Türkiye Barolar Birliği Başkanı Metin Feyzioğlu, eğitimciler tutuklu Nuriye Gülmen ve Semih Özakça hakkında söylediği, "Nuriye ile Semih'i evlat edinecek bir sempati içinde olmamı kimse benden beklemesin" sözlerinin çarpıtıldığını söyledi. Feyzioğlu, "Konuşmam bazı kişilerce, içinden bir cümle alınarak çarpıtıldı" dedi.
OdaTV'de açıklamasını yayınlayan Feyzioğlu, "Öncelikle içlerinde kaçak FETÖ sözcüsünün de olduğu birilerinin maksatlı attığı tivitlerden yaratılan sosyal medya algıları yerine açıklamamın tamamını dinlemenizi arzu ederim" ifadesini kullandı.

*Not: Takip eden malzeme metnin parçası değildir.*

(* Let $\Theta$ be the class of all connected graphs $G$ with $\mathrm{ldim}_f(G)=\frac{|V(G)|}{2}$. If $G_1,G_2\in\Theta$, then the join $G_1+G_2$ belongs to $\Theta$.
   Context: All graphs are finite, simple and connected; $d(x,y)$ is the shortest-path distance. For an edge $uv$, $L(uv)=\{x\in V(G): d(u,x)\neq d(v,x)\}$. A function $f:V(G)\to[0,1]$ is a local resolving function of $G$ if $\sum_{x\in L(uv)}f(x)\geq 1$ for every edge $uv$; $\mathrm{ldim}_f(G)$ is the minimum of $\sum_{v\in V(G)}f(v)$ over all local resolving functions. The join $G_1+G_2$ is the disjoint union of $G_1$ and $G_2$ together with all edges joining a vertex of $G_1$ to a vertex of $G_2$. *)

theory Defs
  imports Complex_Main
begin

definition simple_graph :: "'a set \<Rightarrow> 'a set set \<Rightarrow> bool" where
  "simple_graph V E \<longleftrightarrow> finite V \<and> V \<noteq> {} \<and>
     (\<forall>e\<in>E. \<exists>u v. u \<noteq> v \<and> u \<in> V \<and> v \<in> V \<and> e = {u, v})"

definition is_walk :: "'a set \<Rightarrow> 'a set set \<Rightarrow> 'a list \<Rightarrow> bool" where
  "is_walk V E xs \<longleftrightarrow> xs \<noteq> [] \<and> set xs \<subseteq> V \<and>
     (\<forall>i. Suc i < length xs \<longrightarrow> {xs ! i, xs ! Suc i} \<in> E)"

definition connected_graph :: "'a set \<Rightarrow> 'a set set \<Rightarrow> bool" where
  "connected_graph V E \<longleftrightarrow> simple_graph V E \<and>
     (\<forall>u\<in>V. \<forall>v\<in>V. \<exists>xs. is_walk V E xs \<and> hd xs = u \<and> last xs = v)"

definition gdist :: "'a set \<Rightarrow> 'a set set \<Rightarrow> 'a \<Rightarrow> 'a \<Rightarrow> nat" where
  "gdist V E u v = (LEAST n. \<exists>xs. is_walk V E xs \<and> hd xs = u \<and> last xs = v \<and> length xs = Suc n)"

definition Lset :: "'a set \<Rightarrow> 'a set set \<Rightarrow> 'a \<Rightarrow> 'a \<Rightarrow> 'a set" where
  "Lset V E u v = {x \<in> V. gdist V E u x \<noteq> gdist V E v x}"

definition local_resolving_function :: "'a set \<Rightarrow> 'a set set \<Rightarrow> ('a \<Rightarrow> real) \<Rightarrow> bool" where
  "local_resolving_function V E f \<longleftrightarrow>
     (\<forall>x\<in>V. 0 \<le> f x \<and> f x \<le> 1) \<and>
     (\<forall>u v. {u, v} \<in> E \<longrightarrow> (\<Sum>x\<in>Lset V E u v. f x) \<ge> 1)"

text \<open>Fractional local metric dimension: the minimum (= infimum, attained)
  of the total weight over all local resolving functions.\<close>
definition ldim_f :: "'a set \<Rightarrow> 'a set set \<Rightarrow> real" where
  "ldim_f V E = Inf {(\<Sum>v\<in>V. f v) | f. local_resolving_function V E f}"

Feyzioğlu RS FM'de Yavuz Oğan'ın 'bidebunudinle' programında Nuriye Gülmen ve Semih Özakça hakkında söylediği ifadelerin tam deşifresi şöyle:
"Açlık grevi yapmaya başladıktan sonra bu kişiler hemen arkasından örgüt suçlamasının gelmesi, fakat örgüt suçlamasına ilişkin açlık grevi yapıyor olmalarının dışında bir delil sunulamıyor olmaması yanlıştır. Açlık grevi yapmak bir örgüt suçlamasının bir dayanağı olamaz. Çünkü açlık grevi, tasvip etmesek de, yapmayın etmeyin desek de düşünceyi açıklamanın eylemsel yöntemlerinden biridir. Bu düşünceyi açıklama, anayasasının güvencesi altındadır. Hissiyat dışında bir delil varsa buyurun koyun ortaya. Onu koyun, fakat elle tutulup tartışılır bir şey koymayıp açlık grevi yaptıkları için örgüt üyesisiniz dediğimizde yanlış yapıyorsunuz deriz."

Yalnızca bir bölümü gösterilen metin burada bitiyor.